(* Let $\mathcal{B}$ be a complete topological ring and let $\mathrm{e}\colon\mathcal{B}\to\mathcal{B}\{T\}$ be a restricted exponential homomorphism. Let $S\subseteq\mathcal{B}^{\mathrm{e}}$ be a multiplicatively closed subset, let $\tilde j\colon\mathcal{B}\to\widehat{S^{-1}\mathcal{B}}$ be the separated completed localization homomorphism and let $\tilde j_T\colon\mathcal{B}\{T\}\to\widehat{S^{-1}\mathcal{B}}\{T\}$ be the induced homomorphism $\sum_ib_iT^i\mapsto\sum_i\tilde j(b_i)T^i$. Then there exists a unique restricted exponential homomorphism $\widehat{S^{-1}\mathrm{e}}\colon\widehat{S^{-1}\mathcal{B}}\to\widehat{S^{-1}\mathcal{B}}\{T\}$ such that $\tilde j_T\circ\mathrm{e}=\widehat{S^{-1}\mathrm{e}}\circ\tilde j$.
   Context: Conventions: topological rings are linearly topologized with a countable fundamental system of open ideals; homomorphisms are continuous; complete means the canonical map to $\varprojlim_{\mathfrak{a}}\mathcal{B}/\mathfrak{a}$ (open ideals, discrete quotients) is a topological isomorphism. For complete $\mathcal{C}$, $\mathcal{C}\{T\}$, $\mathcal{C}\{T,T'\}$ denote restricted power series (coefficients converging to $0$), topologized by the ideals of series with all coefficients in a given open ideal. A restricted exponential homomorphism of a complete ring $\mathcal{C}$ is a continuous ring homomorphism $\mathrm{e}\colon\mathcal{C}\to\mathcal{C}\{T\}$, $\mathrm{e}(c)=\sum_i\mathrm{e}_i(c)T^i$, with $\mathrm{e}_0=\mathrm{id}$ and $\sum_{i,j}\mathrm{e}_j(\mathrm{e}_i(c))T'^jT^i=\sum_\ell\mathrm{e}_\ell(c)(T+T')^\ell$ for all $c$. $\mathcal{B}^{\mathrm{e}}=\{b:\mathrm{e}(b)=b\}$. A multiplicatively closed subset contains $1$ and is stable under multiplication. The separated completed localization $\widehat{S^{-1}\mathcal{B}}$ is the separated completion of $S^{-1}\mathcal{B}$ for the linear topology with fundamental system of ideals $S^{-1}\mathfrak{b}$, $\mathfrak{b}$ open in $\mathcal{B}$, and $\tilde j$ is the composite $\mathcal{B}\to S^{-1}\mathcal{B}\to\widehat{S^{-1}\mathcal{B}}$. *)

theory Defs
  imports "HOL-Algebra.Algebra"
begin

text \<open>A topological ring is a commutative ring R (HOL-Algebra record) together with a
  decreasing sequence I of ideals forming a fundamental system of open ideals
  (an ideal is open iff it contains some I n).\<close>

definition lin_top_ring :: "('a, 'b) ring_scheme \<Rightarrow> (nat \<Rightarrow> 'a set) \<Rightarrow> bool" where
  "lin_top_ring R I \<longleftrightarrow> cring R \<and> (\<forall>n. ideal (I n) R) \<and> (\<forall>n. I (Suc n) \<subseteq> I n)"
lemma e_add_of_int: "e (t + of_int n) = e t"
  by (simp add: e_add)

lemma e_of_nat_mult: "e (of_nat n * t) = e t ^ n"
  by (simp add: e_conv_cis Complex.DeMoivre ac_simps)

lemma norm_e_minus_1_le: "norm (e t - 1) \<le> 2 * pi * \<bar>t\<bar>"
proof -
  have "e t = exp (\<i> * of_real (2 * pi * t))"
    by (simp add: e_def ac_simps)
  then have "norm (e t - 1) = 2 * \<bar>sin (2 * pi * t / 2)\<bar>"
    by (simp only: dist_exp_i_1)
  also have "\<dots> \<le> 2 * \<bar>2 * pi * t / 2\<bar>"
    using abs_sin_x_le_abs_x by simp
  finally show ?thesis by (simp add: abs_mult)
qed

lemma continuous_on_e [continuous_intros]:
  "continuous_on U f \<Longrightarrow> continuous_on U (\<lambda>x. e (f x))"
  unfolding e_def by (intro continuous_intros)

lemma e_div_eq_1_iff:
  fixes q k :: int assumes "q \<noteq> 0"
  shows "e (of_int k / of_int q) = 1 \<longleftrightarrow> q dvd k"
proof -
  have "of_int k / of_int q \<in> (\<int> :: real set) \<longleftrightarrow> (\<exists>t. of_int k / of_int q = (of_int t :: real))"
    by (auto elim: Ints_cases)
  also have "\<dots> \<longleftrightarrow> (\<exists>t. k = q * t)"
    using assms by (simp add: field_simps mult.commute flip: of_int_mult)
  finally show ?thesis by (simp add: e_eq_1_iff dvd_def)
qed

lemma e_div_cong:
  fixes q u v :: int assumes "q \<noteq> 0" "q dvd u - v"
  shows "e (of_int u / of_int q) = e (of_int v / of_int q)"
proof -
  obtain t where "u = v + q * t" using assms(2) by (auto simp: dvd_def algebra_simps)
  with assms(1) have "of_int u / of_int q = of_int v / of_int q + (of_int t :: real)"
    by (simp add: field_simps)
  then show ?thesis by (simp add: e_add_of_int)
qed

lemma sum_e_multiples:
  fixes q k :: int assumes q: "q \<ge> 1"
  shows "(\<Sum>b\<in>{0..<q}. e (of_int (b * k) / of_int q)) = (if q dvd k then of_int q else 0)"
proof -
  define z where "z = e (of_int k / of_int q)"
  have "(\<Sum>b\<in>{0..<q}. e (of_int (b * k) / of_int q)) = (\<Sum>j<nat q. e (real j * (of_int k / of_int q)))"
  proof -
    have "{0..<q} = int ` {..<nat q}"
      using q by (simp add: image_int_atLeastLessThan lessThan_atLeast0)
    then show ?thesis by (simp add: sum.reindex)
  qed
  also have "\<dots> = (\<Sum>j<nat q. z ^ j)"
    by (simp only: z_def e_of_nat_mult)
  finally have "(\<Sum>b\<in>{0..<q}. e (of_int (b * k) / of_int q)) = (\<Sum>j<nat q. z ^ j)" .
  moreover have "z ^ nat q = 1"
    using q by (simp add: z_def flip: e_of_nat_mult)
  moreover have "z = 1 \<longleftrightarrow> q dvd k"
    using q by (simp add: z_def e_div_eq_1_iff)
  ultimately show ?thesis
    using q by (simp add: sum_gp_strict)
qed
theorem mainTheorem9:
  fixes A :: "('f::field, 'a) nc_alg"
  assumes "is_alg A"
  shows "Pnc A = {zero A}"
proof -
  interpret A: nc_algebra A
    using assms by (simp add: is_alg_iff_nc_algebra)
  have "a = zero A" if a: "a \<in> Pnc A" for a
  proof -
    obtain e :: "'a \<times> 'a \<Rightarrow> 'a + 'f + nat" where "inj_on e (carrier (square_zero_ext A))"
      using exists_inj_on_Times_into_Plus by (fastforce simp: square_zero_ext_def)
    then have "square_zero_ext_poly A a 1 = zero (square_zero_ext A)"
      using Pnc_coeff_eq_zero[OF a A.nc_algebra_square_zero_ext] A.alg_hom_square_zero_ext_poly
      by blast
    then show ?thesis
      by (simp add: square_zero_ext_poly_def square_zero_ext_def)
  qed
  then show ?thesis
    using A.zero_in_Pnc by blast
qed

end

○ ○ ○

Throughout the material above, find lines holding the word "dots", then copy them.

  also have "\<dots> \<le> 2 * \<bar>2 * pi * t / 2\<bar>"
  also have "\<dots> \<longleftrightarrow> (\<exists>t. k = q * t)"
  also have "\<dots> = (\<Sum>j<nat q. z ^ j)"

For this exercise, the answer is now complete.